W.T. Zhang, F.J. Guo*, H.Y. Mi*, Z.-S. Wu, C.C. Ji, C.C. Yang, J.S. Qiu*

Advanced Energy Materials, 2022, 2202219.

DOI: 10.1002/aenm.202202219 [PDF]

Despite impressive merits of complementary charge-storage mechanisms for aqueous Zn-ion hybrid micro-supercapacitors (ZHMSCs), it remains a challenge to solve dendrite and parasitic reactions issues of Zn anodes. Herein, a kinetics-boosted strategy of Zn2+transport and desolvation of hydrated Zn2+is proposed by engineering zwitterionic P(AM-co-SBMA) hydrogel electrolyte (PASHE) for highly reversible Zn plating/stripping. Mechanically robust and chemically anchored PASHE features zwitterionic groups for constructing ion migration channels and immobilizing water molecules, which accelerates Zn2+migration for an ultrahigh transfer number (0.84) and alleviates water-related parasitic reactions. Theoretical calculations combined with experimental results reveal that sulfobetaine sulfonate anions endow PASHE with improved desolvation kinetics and the ability to coordinate Zn2+flux and electric field distributions at the electrolyte–electrode interface.
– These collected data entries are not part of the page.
lemma E_prod_iid:
  "E (\<lambda>\<omega>. \<Prod>i\<leftarrow>[0..<n]. g (Xs i \<omega>)) = ereal (real_of_ereal (E (\<lambda>\<omega>. g (X \<omega>))) ^ n)"
proof (induction n)
  case 0
  show ?case using E_const[of 1] by (simp add: one_ereal_def)
next
  case (Suc n)
  define G where "G = real_of_ereal (E (\<lambda>\<omega>. g (X \<omega>)))"
  have gX_mem: "(\<lambda>\<omega>. g (X \<omega>)) \<in> H" by (rule lipschitz_comp_mem[OF X_mem K g_lip])
  have EgX: "E (\<lambda>\<omega>. g (X \<omega>)) = ereal G" and "c0 \<le> G"
    using E_bounded[OF gX_mem, of c0 1] g_bounds by (auto simp: G_def)
  then have G: "0 < G" using c0 by linarith
  have Eg: "E (\<lambda>\<omega>. g (Xs n \<omega>)) = ereal G"
    using ident_distr_lipschitz_comp[OF ident K g_lip] EgX by simp
  define \<phi> where "\<phi> = (\<lambda>ys. \<Prod>y\<leftarrow>ys. g y)"
  have lip_\<phi>: "lip_poly_fun m \<phi>" for m unfolding \<phi>_def by (rule lip_poly_fun_prod_list)
  \<comment> \<open>the inner expectation in the definition of independence, with the first \<open>n\<close> values frozen\<close>
  have inner: "E (\<lambda>\<omega>'. \<phi> (xs @ [Xs n \<omega>'])) = ereal (\<phi> xs * G)" for xs
  proof -
    have "0 < g a" for a using g_bounds[of a] c0 by linarith
    then have "0 < \<phi> xs" unfolding \<phi>_def by (induction xs) auto
    then show ?thesis
      using E_scale[OF lipschitz_comp_mem[OF Xs_mem K g_lip]] Eg by (simp add: \<phi>_def mult.commute)
  qed
  have ind: "indep_of H E (map Xs [0..<n]) (Xs n)" using indep unfolding indep_seq_def by blast
  have "E (\<lambda>\<omega>. \<Prod>i\<leftarrow>[0..<Suc n]. g (Xs i \<omega>)) = E (\<lambda>\<omega>. \<phi> (map (\<lambda>Y. Y \<omega>) (map Xs [0..<n]) @ [Xs n \<omega>]))"
    by (simp add: \<phi>_def o_def)
  also have "\<dots> = E (\<lambda>\<omega>. real_of_ereal (E (\<lambda>\<omega>'. \<phi> (map (\<lambda>Y. Y \<omega>) (map Xs [0..<n]) @ [Xs n \<omega>']))))"
    using ind lip_\<phi> inner unfolding indep_of_def by simp
  also have "\<dots> = E (\<lambda>\<omega>. G * (\<Prod>i\<leftarrow>[0..<n]. g (Xs i \<omega>)))"
    unfolding inner by (simp add: \<phi>_def o_def mult.commute)
  also have "\<dots> = ereal (G ^ Suc n)"
    using E_scale[OF prod_iid_mem G] Suc by (simp add: G_def)
  finally show ?case by (simp add: G_def)
qed

end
Thus, Zn anodes exhibit excellent electrochemical performance involving high average coulombic efficiency of 99.4% in Zn|PASHE|Cu cell as well as high cumulative capacity of 2000 mAh cm−2(20 mA cm−2, 1 mAh cm−2) and depth of discharge of 80.9% (20 mA cm−2, 10 mAh cm−2) in Zn|PASHE|Zn cells. Furthermore, ZHMSCs based on PASHE deliver excellent flexibility and cyclability for energy-storage applications. This work provides useful insights on hydrogel electrolyte engineering for developing high-performance Zn anodes and derived energy-storage devices.